Mounting terror threats, massive purges, shrinking press freedom and government pressure on the business world are beginning to take their toll on Turkey, including its media bosses.
Axel Springer SE, one of Europe’s biggest publishers, will not be making new investments in Turkey, the group’s chief executive officer announced Nov. 3. Mathias Dopfner added that the Berlin-based media giant will sell its remaining 7% stake in Turkish broadcaster Dogan TV. In a call with reporters, Dopfner didn’t mince words: “Press freedom is being trampled upon,” he said.
The decision came after Monday’s raid on the left-wing daily Cumhuriyet, which ended in the detentions of 15 members of the newspaper’s staff, including its editor-in-chief Murat Sabuncu, on thinly supported charges that they colluded with the July 15 coup plotters.
In January, Axel Springer shed its 2.3% stake in Dogan TV. The partnership struck in 2007 between Dogan and the German outfit was a source of pride for Dogan CEO Aydin Dogan. He had previously partnered with Turner Broadcasting to set up CNNTurk. The news channel drew sharp criticism when it aired a documentary about penguins as police brutality spiraled out of control during the 2013 Gezi protests.
Might Turner be the next to pull out? The question must be preying on the octogenarian tycoon’s mind.
Dogan, like most media barons in Turkey, is accused of using his stable of newspapers and television channels to curry favor with successive governments for his other vast business interests. This feat was easier to pull off in the days when Turkey was ruled by a succession of weak coalitions. Newspaper owners could play one political leader off against the other, ensuring all the while that none of the then-omnipotent army’s red lines were breached.
But over a decade of single-party rule by the Justice and Development Party (AKP) has meant either toeing the government line or going bust, as Dogan rudely discovered. His company was slapped with a slew of mind-boggling fines after its flagship newspaper Hurriyet covered allegations of the illegal transfer of funds from a German-based Islamic charity to a pro-government news channel in Turkey.
These penalties were dropped after Dogan relinquished his ownership of two mainstream newspapers, shut down the opposition daily Radikal and sacked dozens of journalists deemed to be anti-AKP and replaced them with others loyal to the party.

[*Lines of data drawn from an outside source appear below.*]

lemma exists_lepoll_least:
  assumes "P X"
  obtains N where "P N" "\<And>N'. P N' \<Longrightarrow> N \<lesssim> N'"
proof -
  have "wf (inv_image ordLess (card_of :: 'a set \<Rightarrow> _))"
    by (rule wf_inv_image[OF wf_ordLess])
  then obtain N where N: "N \<in> Collect P"
    and least: "\<And>N'. (N', N) \<in> inv_image ordLess card_of \<Longrightarrow> N' \<notin> Collect P"
    using wfE_min[of _ X "Collect P"] assms by blast
  show ?thesis
  proof (rule that)
    show "P N" using N by simp
    show "N \<lesssim> N'" if "P N'" for N'
    proof (rule ccontr)
      assume "\<not> N \<lesssim> N'"
      then have "(N', N) \<in> inv_image ordLess card_of"
        by (simp add: not_lepoll_iff_ordLess)
      with least that show False by simp
    qed
  qed
qed

lemma lepoll_Diff:
  assumes "infinite X" "X \<lesssim> P" "\<not> X \<lesssim> Q"
  shows "X \<lesssim> P - Q"
proof (rule ccontr)
  assume "\<not> X \<lesssim> P - Q"
  then have "|P - Q| <o |X|" "|Q| <o |X|"
    using assms(3) by (simp_all add: not_lepoll_iff_ordLess)
  then have "|(P - Q) \<union> Q| <o |X|"
    by (rule card_of_Un_ordLess_infinite[OF assms(1)])
  moreover have "X \<lesssim> (P - Q) \<union> Q"
    using assms(2) by (rule lepoll_trans) (rule subset_imp_lepoll, blast)
  ultimately show False
    by (simp add: not_lepoll_iff_ordLess[symmetric])
qed

lemma (in wo_rel) ofilter_if_comparable_with_under:
  assumes comparable: "\<And>a. a \<in> Field r \<Longrightarrow> under a \<subseteq> M \<or> M \<subseteq> under a"
    and proper: "\<not> Field r \<subseteq> M"
  shows "ofilter M"
  unfolding ofilter_def
proof
  obtain a where a: "a \<in> Field r" "a \<notin> M"
    using proper by blast
  have "a \<in> under a"
    by (rule Refl_under_in[OF REFL a(1)])
  with a have "M \<subseteq> under a"
    using comparable[OF a(1)] by blast
  then show "M \<subseteq> Field r"
    using under_Field[of r a] by (rule subset_trans)
  show "\<forall>x\<in>M. under x \<subseteq> M"
  proof (intro ballI subsetI)
    fix x y assume x: "x \<in> M" and "y \<in> under x"
    then have yx: "(y, x) \<in> r"
      by (simp add: under_def)
    then have y: "y \<in> Field r"
      by (rule FieldI1)
    show "y \<in> M"
    proof (cases "under y \<subseteq> M")
      case True
      then show ?thesis
        using Refl_under_in[OF REFL y] by blast
    next
      case False
      then have "x \<in> under y"
        using comparable[OF y] x by blast
      then have "x = y"
        using antisymD[OF ANTISYM yx] by (simp add: under_def)
      with x show ?thesis by simp
    qed
  qed
qed

lemma max_chain_memberI:
  assumes "is_max_chain P C" "X \<in> P" "\<forall>c\<in>C. c \<subseteq> X \<or> X \<subseteq> c"
  shows "X \<in> C"
proof -
  have "is_chain P (insert X C)"
    using assms unfolding is_max_chain_def is_chain_def by auto
  then show ?thesis
    using assms(1) unfolding is_max_chain_def by blast
qed

lemma max_antichain_comparable:
  assumes "is_max_antichain P A" "X \<in> P"
  obtains a where "a \<in> A" "a \<subseteq> X \<or> X \<subseteq> a"
proof (rule ccontr)
  assume "\<not> thesis"
  then have "\<forall>a\<in>A. \<not> a \<subseteq> X \<and> \<not> X \<subseteq> a"
    using that by blast
  then have "is_antichain P (insert X A)"
    using assms unfolding is_max_antichain_def is_antichain_def by auto
  then have "X \<in> A"
    using assms(1) unfolding is_max_antichain_def by blast
  with \<open>\<forall>a\<in>A. \<not> a \<subseteq> X \<and> \<not> X \<subseteq> a\<close> show False by blast
qed

lemma max_antichain_mem: "is_max_antichain P A \<Longrightarrow> a \<in> A \<Longrightarrow> a \<in> P"
  unfolding is_max_antichain_def is_antichain_def by blast

lemma max_antichain_subset_imp_eq:
  "is_max_antichain P A \<Longrightarrow> b \<in> A \<Longrightarrow> c \<in> A \<Longrightarrow> b \<subseteq> c \<Longrightarrow> b = c"
  unfolding is_max_antichain_def is_antichain_def by blast

locale proper_set_ideal =
  fixes I :: "'a set set"
  assumes ideal_subset: "B \<in> I \<Longrightarrow> A \<subseteq> B \<Longrightarrow> A \<in> I"
    and ideal_Un: "A \<in> I \<Longrightarrow> B \<in> I \<Longrightarrow> A \<union> B \<in> I"
    and singleton_in_ideal: "{x} \<in> I"
    and UNIV_notin_ideal: "UNIV \<notin> I"
begin

lemma insert_in_ideal: "A \<in> I \<Longrightarrow> insert x A \<in> I"
  using ideal_Un[OF singleton_in_ideal] by (metis insert_is_Un)

lemma Union_max_chain_notin:
  assumes C: "is_max_chain I C"
  shows "\<Union>C \<notin> I"
proof
  assume "\<Union>C \<in> I"
  then have "\<Union>C \<noteq> UNIV"
    using UNIV_notin_ideal by auto
  then obtain x where "x \<notin> \<Union>C"
    by blast
  moreover have "insert x (\<Union>C) \<in> C"
    using max_chain_memberI[OF C insert_in_ideal[OF \<open>\<Union>C \<in> I\<close>]] by blast
  ultimately show False
    by blast
qed

lemma Inter_max_chain_mem:
  assumes C: "is_max_chain I C" and "D \<subseteq> C" "D \<noteq> {}"
  shows "\<Inter>D \<in> C"
proof (rule max_chain_memberI[OF C])
  obtain d where "d \<in> D" using \<open>D \<noteq> {}\<close> by blast
  with C \<open>D \<subseteq> C\<close> show "\<Inter>D \<in> I"
    unfolding is_max_chain_def is_chain_def by (meson Inter_lower ideal_subset subsetD)
  show "\<forall>c\<in>C. c \<subseteq> \<Inter>D \<or> \<Inter>D \<subseteq> c"
    using C \<open>D \<subseteq> C\<close> unfolding is_max_chain_def is_chain_def by blast
qed

text \<open>The least member of \<open>C\<close> containing \<open>x\<close> determines \<open>x\<close>: removing \<open>x\<close> from
  it leaves another member of \<open>C\<close>.\<close>
lemma Union_max_chain_lepoll:
  assumes C: "is_max_chain I C"
  shows "\<Union>C \<lesssim> C"
proof -
  have in_ideal: "c \<in> I" if "c \<in> C" for c
    using C that unfolding is_max_chain_def is_chain_def by blast
  have comparable: "c \<subseteq> d \<or> d \<subseteq> c" if "c \<in> C" "d \<in> C" for c d
    using C that unfolding is_max_chain_def is_chain_def by blast
  define least where "least x = \<Inter>{c\<in>C. x \<in> c}" for x
  have least_mem: "least x \<in> C" if "x \<in> \<Union>C" for x
    unfolding least_def using that by (intro Inter_max_chain_mem[OF C]) auto
  have in_least: "x \<in> least x" for x
    by (simp add: least_def)
  have least_minus_mem: "least x - {x} \<in> C" if x: "x \<in> \<Union>C" for x
  proof (rule max_chain_memberI[OF C])
    show "least x - {x} \<in> I"
      using ideal_subset[OF in_ideal[OF least_mem[OF x]]] by blast
    show "\<forall>c\<in>C. c \<subseteq> least x - {x} \<or> least x - {x} \<subseteq> c"
    proof
      fix c assume c: "c \<in> C"
      show "c \<subseteq> least x - {x} \<or> least x - {x} \<subseteq> c"
      proof (cases "x \<in> c")
        case True
        then have "least x \<subseteq> c"
          using c by (auto simp: least_def)
        then show ?thesis by blast
      next
        case False
        then have "c \<subseteq> least x"
          using comparable[OF c least_mem[OF x]] in_least[of x] by blast
        with False show ?thesis by blast
      qed
    qed
  qed
  have "inj_on least (\<Union>C)"
  proof (rule inj_onI, rule ccontr)
    fix x y assume x: "x \<in> \<Union>C" and "y \<in> \<Union>C" and eq: "least x = least y" and "x \<noteq> y"
    then have "y \<in> least x - {x}"
      using in_least[of y] by simp
    then have "least y \<subseteq> least x - {x}"
      using least_minus_mem[OF x] by (auto simp: least_def)
    with eq in_least[of x] show False
      by blast
  qed
  moreover have "least ` \<Union>C \<subseteq> C"
    using least_mem by blast
  ultimately show ?thesis
    unfolding lepoll_def by blast
qed

text \<open>With \<open>r\<close> a well-order of \<open>N\<close> of order type \<open>|N|\<close>, every proper initial
  segment of \<open>r\<close> is smaller than \<open>N\<close> and hence in \<open>I\<close>; the initial segments in \<open>I\<close> form
  the required chain.\<close>
lemma max_chain_lepoll_least_non_member:
  assumes N: "N \<notin> I" and least: "\<And>X. X \<notin> I \<Longrightarrow> N \<lesssim> X"
  obtains C where "is_max_chain I C" "C \<lesssim> N"
proof -
  define r where "r = |N|"
  interpret wo_rel r
    unfolding r_def wo_rel_def by (rule card_of_Well_order)
  have Field_r: "Field r = N"
    by (simp add: r_def Field_card_of)
  have underS_in: "underS a \<in> I" if "a \<in> N" for a
    using least card_of_underS[OF card_of_Card_order, of a N] that
    by (metis Field_card_of not_lepoll_iff_ordLess r_def)
  have under_in: "under a \<in> I" if "a \<in> N" for a
  proof -
    have "under a \<subseteq> insert a (underS a)"
      by (auto simp: under_def underS_def)
    then show ?thesis
      using ideal_subset insert_in_ideal underS_in[OF that] by blast
  qed
  define C where "C = {S. ofilter S \<and> S \<in> I}"
  have chain: "is_chain I C"
    unfolding is_chain_def C_def using ofilter_linord by blast
  have "is_max_chain I C"
    unfolding is_max_chain_def
  proof (intro conjI allI impI chain)
    fix D assume D: "is_chain I D \<and> C \<subseteq> D"
    have "M \<in> C" if "M \<in> D" for M
    proof -
      have M: "M \<in> I"
        using D that unfolding is_chain_def by blast
      have "under a \<in> C" if "a \<in> N" for a
        using under_in[OF that] under_ofilter by (simp add: C_def)
      then have "under a \<subseteq> M \<or> M \<subseteq> under a" if "a \<in> Field r" for a
        using D \<open>M \<in> D\<close> that Field_r unfolding is_chain_def by blast
      moreover have "\<not> Field r \<subseteq> M"
        using M N Field_r ideal_subset by blast
      ultimately show ?thesis
        using ofilter_if_comparable_with_under M by (simp add: C_def)
    qed
    with D show "D = C" by blast
  qed
  moreover have "C \<subseteq> underS ` N"
  proof
    fix S assume "S \<in> C"
    then have "ofilter S" "S \<noteq> N"
      using N by (auto simp: C_def)
    then show "S \<in> underS ` N"
      using ofilter_underS_Field Field_r by blast
  qed
  then have "C \<lesssim> N"
    using image_lepoll subset_imp_lepoll lepoll_trans by metis
  ultimately show ?thesis using that by blast
qed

It seemed that Dogan had finally redeemed himself when Turkey’s President Recep Tayyip Erdogan made a live appearance via a FaceTime video connection on CNNTurk on the night of the failed coup. It proved to be a turning point.
Tens of thousands of Turks took to the streets, forcing the putschists to make a choice: either to fire on the people or to give up. They eventually did surrender, but not before over 200 civilians had been killed.

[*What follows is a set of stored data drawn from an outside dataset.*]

(* Assume $\gamma_0$ is unimodal (and symmetric about $0$) with $\sup_u|\frac{d}{du}\log\gamma_0(u)|\le\Lambda$ a.e. for some $\Lambda>0$. Then there is a constant $C>0$ depending only on $\gamma_0$ such that for all $x\in\mathbb{R}$, $w\in(0,1]$ and $c\in\mathbb{R}$, $$|\zeta(x;\theta)-x|\le C\bigl(1+\sqrt{|c|+\log(1/w)}\bigr).$$
   Context: Let $\phi$ be the standard normal density and $\gamma_0$ a probability density on $\mathbb{R}$. For $\theta=(w,c)$, $w\in(0,1]$, $c\in\mathbb{R}$, let $g(x;c)=\int\phi(x-\mu)\gamma_0(\mu-c)\,d\mu$, $m(x;\theta)=(1-w)\phi(x)+wg(x;c)$, and $\zeta(x;\theta)=x+\frac{d}{dx}\log m(x;\theta)$ (the posterior mean of $\mu$ given $X=x$ under $X\mid\mu\sim N(\mu,1)$ and prior $(1-w)\delta_0+w\gamma_0(\cdot-c)$). *)

theory Defs
  imports "HOL-Probability.Probability"
begin

definition gconv :: "(real \<Rightarrow> real) \<Rightarrow> real \<Rightarrow> real \<Rightarrow> real" where
  "gconv \<gamma>0 c x = (LINT \<mu>|lborel. std_normal_density (x - \<mu>) * \<gamma>0 (\<mu> - c))"

definition marg :: "(real \<Rightarrow> real) \<Rightarrow> real \<Rightarrow> real \<Rightarrow> real \<Rightarrow> real" where
  "marg \<gamma>0 w c x = (1 - w) * std_normal_density x + w * gconv \<gamma>0 c x"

Yet pro-government columnists continue to attack Hurriyet and some of its journalists, most notably its star investigative reporter, Ismail Saymaz, who continues to uncover embarrassing news. Dogan is rumored to be under immense pressure to pull out of the media altogether and allow pro-AKP businessmen to scoop up the spoils.
But the question of where they would find the money to do so is becoming a big one. Strong growth long underpinned the AKP’s seemingly endless popularity and the economy is finally beginning to slow down.
The government is putting increasing pressure on the banks to lower lending rates to jumpstart growth. Erdogan suggested that a failure to do this would be tantamount to treason.
Yet the more the government interferes with the markets, the more likely it is to have the opposite effect, spooking foreign and local investors alike.
The ongoing seizure of assets belonging to companies and individuals accused of having connections to Fethullah Gulen, the Islamic preacher Turkey blames for the coup, has added to the jitters. At least 600 such companies are said to have had assets totaling $12 to $15 billion seized and transferred to government hands.
Many of them reportedly remain liable for money they borrowed from Turkish banks but are no longer able to pay back their loans. A Western banker who spoke to Al-Monitor on condition of strict anonymity because of the sensitive nature of the issue summed up the crisis of confidence: “If you were a bank manager in Turkey today you would think a million times before lending money to anyone for fear that they would be labeled Gulenists, then default on their loan, leading in turn to being labeled a Gulenist yourself.”